──────── TASK MATERIAL ────────
lemma mse_two_fine_steps:
  assumes k: "2 * k + 2 \<le> n" and i: "i \<le> N" and b: "0 \<le> b"
    and IH: "\<And>j. j \<le> N \<Longrightarrow> (\<integral>\<omega>. (norm (fine_path \<omega> (2 * k) j - coarse_path \<omega> k j))\<^sup>2 \<partial>mu) \<le> b"
  shows "(\<integral>\<omega>. (norm (fine_path \<omega> (Suc (Suc (2 * k))) i - coarse_path \<omega> (Suc k) i))\<^sup>2 \<partial>mu)
           \<le> (1 + euler_mse_const K CARD('d) * h) * b + euler_mse_const K CARD('d) * h\<^sup>2"
proof -
  define c where "c = 4 * K\<^sup>2 * (1 + real CARD('d))"
  define Z where "Z = K\<^sup>2 * (real CARD('d) + 2 + 4 * K\<^sup>2)"
  define s where "s = 2 * b + c * h"
  have half: "(\<integral>\<omega>. (norm (fine_path \<omega> (Suc (2 * k)) j - coarse_path \<omega> k j))\<^sup>2 \<partial>mu) \<le> s" if "j \<le> N" for j
    unfolding s_def c_def using integral_half_step_sq_le[OF _ that IH[OF that]] k by simp
  have sq: "sq_integrable mu (\<lambda>\<omega>. fine_path \<omega> (2 * k) j)" "sq_integrable mu (\<lambda>\<omega>. coarse_path \<omega> k j)"
    "sq_integrable mu (\<lambda>\<omega>. fine_path \<omega> (Suc (2 * k)) j)" if "j \<le> N" for j
    using k that by (auto intro: sq_integrable_fine_path sq_integrable_coarse_path)
  have dep: "depends_only_on (space mu) (noise_before (2 * k)) (\<lambda>\<omega>. fine_path \<omega> (2 * k) i)"
    "depends_only_on (space mu) (noise_before (2 * k)) (\<lambda>\<omega>. coarse_path \<omega> k i)"
    "depends_only_on (space mu) (noise_before (Suc (2 * k))) (\<lambda>\<omega>. fine_path \<omega> (Suc (2 * k)) i)"
    using i by (auto intro: fine_path_depends_only_on coarse_path_depends_only_on)
  have m: "Suc (2 * k) < n" using k by simp
  note M = integral_martingale_part_le[OF i m sq(1)[OF i] dep(1) sq(2)[OF i] dep(2) sq(3)[OF i] dep(3) IH[OF i] half[OF i]]
  note D = integral_drift_part_le[OF i sq(1) sq(3) sq(2) IH half]
  note split = fine_coarse_two_step_diff[OF i]
  have Z: "0 \<le> Z" and c: "0 \<le> c" and C: "euler_mse_const K CARD('d) = 1 + 4 * Z * (3 + c)"
    unfolding Z_def c_def euler_mse_const_def by simp_all
  have "h * CARD('d) * K\<^sup>2 * (b + s) \<le> h * Z * (3 * b + c * h)"
    and "h\<^sup>2 * (2 * K\<^sup>2 * (1 + 2 * K\<^sup>2)) * (b + s) \<le> h\<^sup>2 * Z * (3 * b + c * h)"
    unfolding Z_def s_def c_def using b h_pos
    by (auto intro!: mult_right_mono mult_left_mono simp: algebra_simps)
  note P = order_trans[OF M(2) add_left_mono[OF this(1)]] and Q = order_trans[OF D(2) this(2)]
  show ?thesis
    unfolding C split
    by (rule mse_recursion_arith[OF h_pos h_le_1 b Z c P Q integral_power2_norm_add_le[OF M(1) D(1) h_pos]])
qed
────────
◆ PROBLEM REQUIREMENTS ◆
Search the entries for "space" and copy each matching line.

◆ TASK ANSWER ◆
  have dep: "depends_only_on (space mu) (noise_before (2 * k)) (\<lambda>\<omega>. fine_path \<omega> (2 * k) i)"
    "depends_only_on (space mu) (noise_before (2 * k)) (\<lambda>\<omega>. coarse_path \<omega> k i)"
    "depends_only_on (space mu) (noise_before (Suc (2 * k))) (\<lambda>\<omega>. fine_path \<omega> (Suc (2 * k)) i)"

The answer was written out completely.